Last year, Attai published the results of her study, which looked at patient satisfaction outcomes post-mastectomy, in the Annals of Surgical Oncology. She found that 74 percent of patients who went flat were pleased with the outcome, despite more than a third not being offered the option at the outset; previous studies had found high complication rates for those who chose reconstruction, with one in three women facing such complications.
Still, Attai adds, there have been several past studies that have indeed found that women "who undergo reconstruction have higher satisfaction and better body image." Because of those findings, she believes "surgeons may truly feel that this is a better option for their patients, and also then may not take the time to learn some of the aesthetic flat closure techniques."
Opting for one of the myriad reconstruction options available or forgoing it altogether post-mastectomy is of course an intensely personal decision. And while reactions to any surgical outcome are as myriad as there are people going through them, losing one's breasts — whether you wind up perfectly OK in the end or continue to struggle — is always a big deal, stresses Wendy Myers, director of counseling at the Cancer Caring Center in Pittsburgh, Pa.
"It's like having an amputation — so no matter how you view your body, whether you really valued [your breasts] or thought, 'they're just a part of my body,' it's still a big deal. It is," Myers, whose practice is around 80 percent breast cancer patients or survivors, tells Yahoo Life.
Through her patients, she hears about the widespread assumption that women will want breasts at any cost. "I don’t hear about them getting any [non-reconstruction] options — it's like, 'here are the reconstruction options for you,' with no other option," she says. "I don't think most have any inkling that they can remain flat."
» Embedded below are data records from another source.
text \<open>Intersection numbers c_i, a_i, b_i (meaningful for a distance-regular graph, 0 \<le> i \<le> D).\<close>
definition c_i :: "'a set \<Rightarrow> ('a \<Rightarrow> 'a \<Rightarrow> bool) \<Rightarrow> nat \<Rightarrow> nat" where
  "c_i V E i = (SOME n. \<forall>x\<in>V. \<forall>y\<in>V. dist_g E x y = i \<longrightarrow> c_cnt V E x y = n)"
definition a_i :: "'a set \<Rightarrow> ('a \<Rightarrow> 'a \<Rightarrow> bool) \<Rightarrow> nat \<Rightarrow> nat" where
  "a_i V E i = (SOME n. \<forall>x\<in>V. \<forall>y\<in>V. dist_g E x y = i \<longrightarrow> a_cnt V E x y = n)"
definition b_i :: "'a set \<Rightarrow> ('a \<Rightarrow> 'a \<Rightarrow> bool) \<Rightarrow> nat \<Rightarrow> nat" where
  "b_i V E i = (SOME n. \<forall>x\<in>V. \<forall>y\<in>V. dist_g E x y = i \<longrightarrow> b_cnt V E x y = n)"

text \<open>Pseudo cosine sequence for \<theta>: sequence \<sigma>_0..\<sigma>_D (as nat \<Rightarrow> real; values beyond D irrelevant).
  For i = 0 the term c_0 \<sigma>_{-1} vanishes since c_0 = 0 (here \<sigma>(0-1) = \<sigma> 0 is multiplied by c_0).\<close>
definition pseudo_cosine_seq :: "'a set \<Rightarrow> ('a \<Rightarrow> 'a \<Rightarrow> bool) \<Rightarrow> real \<Rightarrow> (nat \<Rightarrow> real) \<Rightarrow> bool" where
  "pseudo_cosine_seq V E \<theta> \<sigma> \<longleftrightarrow> \<sigma> 0 = 1 \<and>
     (\<forall>i < diameter V E.
        real (c_i V E i) * \<sigma> (i - 1) + real (a_i V E i) * \<sigma> i + real (b_i V E i) * \<sigma> (i + 1) = \<theta> * \<sigma> i)"

definition is_pseudo_cosine :: "'a set \<Rightarrow> ('a \<Rightarrow> 'a \<Rightarrow> bool) \<Rightarrow> (nat \<Rightarrow> real) \<Rightarrow> bool" where
  "is_pseudo_cosine V E \<sigma> \<longleftrightarrow> (\<exists>\<theta>. pseudo_cosine_seq V E \<theta> \<sigma>)"

definition nontrivial_pcs :: "'a set \<Rightarrow> ('a \<Rightarrow> 'a \<Rightarrow> bool) \<Rightarrow> (nat \<Rightarrow> real) \<Rightarrow> bool" where
  "nontrivial_pcs V E \<sigma> \<longleftrightarrow> is_pseudo_cosine V E \<sigma> \<and> \<sigma> 1 \<noteq> 1"
(* Let $R$ be a commutative ring and $(M_t,M_h;\mu_a,\mu_b)$ an object of $\mathrm{Rep}_R(\varkappa)$. Put $K=\ker(\mu_a)\cap\ker(\mu_b)$, $L_t=M_t/K$, $L_h=M_h$, $\lambda_a(m+K)=\mu_a(m)$, $\lambda_b(m+K)=\mu_b(m)$, $f_t(m)=m+K$ and $f_h=\mathrm{id}_{M_h}$. Then $(f_t,f_h)\colon(M_t,M_h;\mu_a,\mu_b)\to(L_t,L_h;\lambda_a,\lambda_b)$ is a $\mathrm{Rel}_R(\varkappa)$-envelope.
   Context: $\mathrm{Rep}_R(\varkappa)$: objects $(M_t,M_h;\mu_a,\mu_b)$ with $\mu_a,\mu_b\in\mathrm{Hom}_R(M_t,M_h)$, morphisms pairs $(f_t,f_h)$ of $R$-linear maps with $f_h\mu_c=\mu'_cf_t$ ($c=a,b$). $\mathrm{Rel}_R(\varkappa)$: full subcategory of objects with $\ker(\mu_a)\cap\ker(\mu_b)=0$. For a full subcategory $\mathcal{C}$, a $\mathcal{C}$-preenvelope of $M$ is a morphism $b\colon M\to N$ with $N\in\mathcal{C}$ such that every morphism $M\to C$ with $C\in\mathcal{C}$ factors as $ab$; a $\mathcal{C}$-envelope is a preenvelope $b$ such that every endomorphism $a$ of $N$ with $ab=b$ is an isomorphism. *)

theory Defs
  imports "HOL-Algebra.Module" "HOL-Algebra.AbelCoset"
begin

definition lin_map :: "('r, 'x) ring_scheme \<Rightarrow> ('r, 'a) module \<Rightarrow> ('r, 'b) module \<Rightarrow> ('a \<Rightarrow> 'b) \<Rightarrow> bool" where
  "lin_map R M N f \<longleftrightarrow> f \<in> carrier M \<rightarrow> carrier N
     \<and> (\<forall>x\<in>carrier M. \<forall>y\<in>carrier M. f (x \<oplus>\<^bsub>M\<^esub> y) = f x \<oplus>\<^bsub>N\<^esub> f y)
     \<and> (\<forall>r\<in>carrier R. \<forall>x\<in>carrier M. f (r \<odot>\<^bsub>M\<^esub> x) = r \<odot>\<^bsub>N\<^esub> f x)"

text \<open>Objects of Rep_R(kappa): (M_t, M_h, mu_a, mu_b).\<close>
type_synonym ('r, 'a, 'b) rep = "('r, 'a) module \<times> ('r, 'b) module \<times> ('a \<Rightarrow> 'b) \<times> ('a \<Rightarrow> 'b)"

definition rep_obj :: "('r, 'x) ring_scheme \<Rightarrow> ('r, 'a, 'b) rep \<Rightarrow> bool" where
  "rep_obj R X = (case X of (Mt, Mh, ma, mb) \<Rightarrow>
     module R Mt \<and> module R Mh \<and> lin_map R Mt Mh ma \<and> lin_map R Mt Mh mb)"

definition rel_obj :: "('r, 'x) ring_scheme \<Rightarrow> ('r, 'a, 'b) rep \<Rightarrow> bool" where
  "rel_obj R X = (rep_obj R X \<and> (case X of (Mt, Mh, ma, mb) \<Rightarrow>
     {m \<in> carrier Mt. ma m = \<zero>\<^bsub>Mh\<^esub>} \<inter> {m \<in> carrier Mt. mb m = \<zero>\<^bsub>Mh\<^esub>} = {\<zero>\<^bsub>Mt\<^esub>}))"

definition rep_mor :: "('r, 'x) ring_scheme \<Rightarrow> ('r, 'a, 'b) rep \<Rightarrow> ('r, 'c, 'd) rep
     \<Rightarrow> ('a \<Rightarrow> 'c) \<times> ('b \<Rightarrow> 'd) \<Rightarrow> bool" where
  "rep_mor R X Y f = (rep_obj R X \<and> rep_obj R Y \<and> (case X of (Mt, Mh, ma, mb) \<Rightarrow> case Y of (Nt, Nh, na, nb) \<Rightarrow>
     case f of (ft, fh) \<Rightarrow>
       lin_map R Mt Nt ft \<and> lin_map R Mh Nh fh
       \<and> (\<forall>m\<in>carrier Mt. fh (ma m) = na (ft m))
       \<and> (\<forall>m\<in>carrier Mt. fh (mb m) = nb (ft m))))"

definition rep_comp :: "('c \<Rightarrow> 'e) \<times> ('d \<Rightarrow> 'g) \<Rightarrow> ('a \<Rightarrow> 'c) \<times> ('b \<Rightarrow> 'd) \<Rightarrow> ('a \<Rightarrow> 'e) \<times> ('b \<Rightarrow> 'g)" where
  "rep_comp g f = (fst g \<circ> fst f, snd g \<circ> snd f)"

definition mor_eq :: "('r, 'a, 'b) rep \<Rightarrow> ('a \<Rightarrow> 'c) \<times> ('b \<Rightarrow> 'd) \<Rightarrow> ('a \<Rightarrow> 'c) \<times> ('b \<Rightarrow> 'd) \<Rightarrow> bool" where
  "mor_eq X f g = (case X of (Mt, Mh, ma, mb) \<Rightarrow>
     (\<forall>m\<in>carrier Mt. fst f m = fst g m) \<and> (\<forall>m\<in>carrier Mh. snd f m = snd g m))"

definition rep_iso :: "('r, 'x) ring_scheme \<Rightarrow> ('r, 'a, 'b) rep \<Rightarrow> ('r, 'c, 'd) rep
     \<Rightarrow> ('a \<Rightarrow> 'c) \<times> ('b \<Rightarrow> 'd) \<Rightarrow> bool" where
  "rep_iso R X Y f = (rep_mor R X Y f \<and> (\<exists>g. rep_mor R Y X g
     \<and> mor_eq X (rep_comp g f) (id, id) \<and> mor_eq Y (rep_comp f g) (id, id)))"

text \<open>The test objects C range over all objects of
  Rel_R(kappa) whose underlying modules live in the types 'c, 'd (supplied via TYPE(...));
  used with free type variables this quantifies over all objects.\<close>
definition rel_preenvelope :: "('c \<times> 'd) itself \<Rightarrow> ('r, 'x) ring_scheme \<Rightarrow> ('r, 'a, 'b) rep
     \<Rightarrow> ('r, 'e, 'g) rep \<Rightarrow> ('a \<Rightarrow> 'e) \<times> ('b \<Rightarrow> 'g) \<Rightarrow> bool" where
  "rel_preenvelope T R X N b = (rel_obj R N \<and> rep_mor R X N b \<and>
     (\<forall>(C :: ('r, 'c, 'd) rep) g. rel_obj R C \<and> rep_mor R X C g \<longrightarrow>
        (\<exists>a. rep_mor R N C a \<and> mor_eq X g (rep_comp a b))))"

definition rel_envelope :: "('c \<times> 'd) itself \<Rightarrow> ('r, 'x) ring_scheme \<Rightarrow> ('r, 'a, 'b) rep
     \<Rightarrow> ('r, 'e, 'g) rep \<Rightarrow> ('a \<Rightarrow> 'e) \<times> ('b \<Rightarrow> 'g) \<Rightarrow> bool" where
  "rel_envelope T R X N b = (rel_preenvelope T R X N b \<and>
     (\<forall>a. rep_mor R N N a \<and> mor_eq X (rep_comp a b) b \<longrightarrow> rep_iso R N N a))"

definition quot_module :: "('r, 'x) ring_scheme \<Rightarrow> ('r, 'a) module \<Rightarrow> 'a set \<Rightarrow> ('r, 'a set) module" where
  "quot_module R M K = \<lparr>carrier = A_RCOSETS M K, mult = undefined, one = undefined,
     zero = K, add = set_add M,
     smult = (\<lambda>r C. K +>\<^bsub>M\<^esub> (r \<odot>\<^bsub>M\<^esub> (SOME m. m \<in> C)))\<rparr>"

end

theory Submission
  imports Defs
begin

(* K is a submodule, being the intersection of two kernels, so L_t = M_t/K is a module and
   lambda_a, lambda_b are well defined; lambda_a(m + K) = lambda_b(m + K) = 0 forces m in K,
   so the quotient object lies in Rel.  A morphism (g_t, g_h) from (M_t, M_h; mu_a, mu_b) into an
   object (C_t, C_h; gamma_a, gamma_b) of Rel kills K, since gamma_c(g_t k) = g_h(mu_c k) = 0 for
   c = a, b and gamma_a, gamma_b have no common kernel; hence g_t factors through M_t/K and
   (g_t, g_h) factors through (f_t, id).  Finally f_t is surjective, so an endomorphism a of the
   quotient object with a o (f_t, f_h) = (f_t, f_h) is the identity. *)

lemma lin_map_abelian_group_hom:
  assumes "module R M" "module R N" "lin_map R M N f"
  shows "abelian_group_hom M N f"
proof -
  interpret M: module R M by fact
  interpret N: module R N by fact
  show ?thesis
    using assms(3) M.a_group N.a_group
    by (intro abelian_group_homI M.abelian_group_axioms N.abelian_group_axioms)
       (auto simp: group_hom_def group_hom_axioms_def hom_def lin_map_def)
qed

lemma lin_map_id: "lin_map R M M id"
  unfolding lin_map_def by auto

lemma lin_map_smult:
  "lin_map R M N f \<Longrightarrow> r \<in> carrier R \<Longrightarrow> x \<in> carrier M \<Longrightarrow> f (r \<odot>\<^bsub>M\<^esub> x) = r \<odot>\<^bsub>N\<^esub> f x"
  unfolding lin_map_def by blast

lemma submodule_lin_map_kernel:
  assumes M: "module R M" and N: "module R N" and f: "lin_map R M N f"
  shows "submodule {m \<in> carrier M. f m = \<zero>\<^bsub>N\<^esub>} R M"
proof -
  interpret M: module R M by (rule M)
  interpret N: module R N by (rule N)
  interpret f: abelian_group_hom M N f by (rule lin_map_abelian_group_hom[OF M N f])
  show ?thesis
    by (rule M.submoduleI) (auto simp: f.hom_a_inv lin_map_smult[OF f])
qed

lemma (in module) submodule_Int:
  assumes "submodule H R M" "submodule H' R M"
  shows "submodule (H \<inter> H') R M"
  using assms add.subgroups_Inter_pair
  by (auto simp: submodule_def submodule_axioms_def)

locale quotient_module = module R M + submodule K R M
  for R :: "('r, 'x) ring_scheme" and M :: "('r, 'a) module" (structure) and K
begin

sublocale K: abelian_subgroup K M
  by (intro abelian_subgroupI3 abelian_group_axioms)
     (simp add: additive_subgroup_def subgroup_axioms)

abbreviation Q where "Q \<equiv> quot_module R M K"

lemma quot_module_simps:
  "carrier Q = a_rcosets K" "zero Q = K" "add Q = set_add M"
  by (simp_all add: quot_module_def)

lemma quot_carrier_cases:
  assumes "C \<in> carrier Q"
  obtains x where "x \<in> carrier M" "C = K +> x"
  using assms by (auto simp: quot_module_simps A_RCOSETS_def')

lemma coset_in_quot_carrier: "x \<in> carrier M \<Longrightarrow> K +> x \<in> carrier Q"
  by (simp add: quot_module_simps a_rcosetsI K.a_subset)

lemma quot_zero_coset: "\<zero>\<^bsub>Q\<^esub> = K +> \<zero>"
  by (simp add: quot_module_simps K.a_rcos_const)

lemma quot_add_coset:
  "x \<in> carrier M \<Longrightarrow> y \<in> carrier M \<Longrightarrow> (K +> x) \<oplus>\<^bsub>Q\<^esub> (K +> y) = K +> (x \<oplus> y)"
  by (simp add: quot_module_simps K.a_rcos_sum)

lemma some_in_coset: "x \<in> carrier M \<Longrightarrow> (SOME y. y \<in> K +> x) \<in> K +> x"
  using K.a_rcos_self by (rule someI)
The therapist says she's made it her mission to provide support to those not only going through cancer but to those who, once the fast pace of diagnosis and treatment slow down, find they are oftentimes dealing with grief over the bodies they knew — even if they eventually reach acceptance.
"There are some women that do like having their breasts — not because society tells them they should have breasts, but because they just really love their breasts," she says. "So, I think you have to watch the language around getting the word out about the option of being flat. You don't want it to be a judgment call. It’s a fine line."
As far as who may be able to come out on the other side of a mastectomy and not miss their breasts, Myers says it's pretty impossible to predict. "I think it's individual,” she says. "But probably a lot of the women thought they were going to die from cancer, so it’s just a relief to not have to worry about it anymore."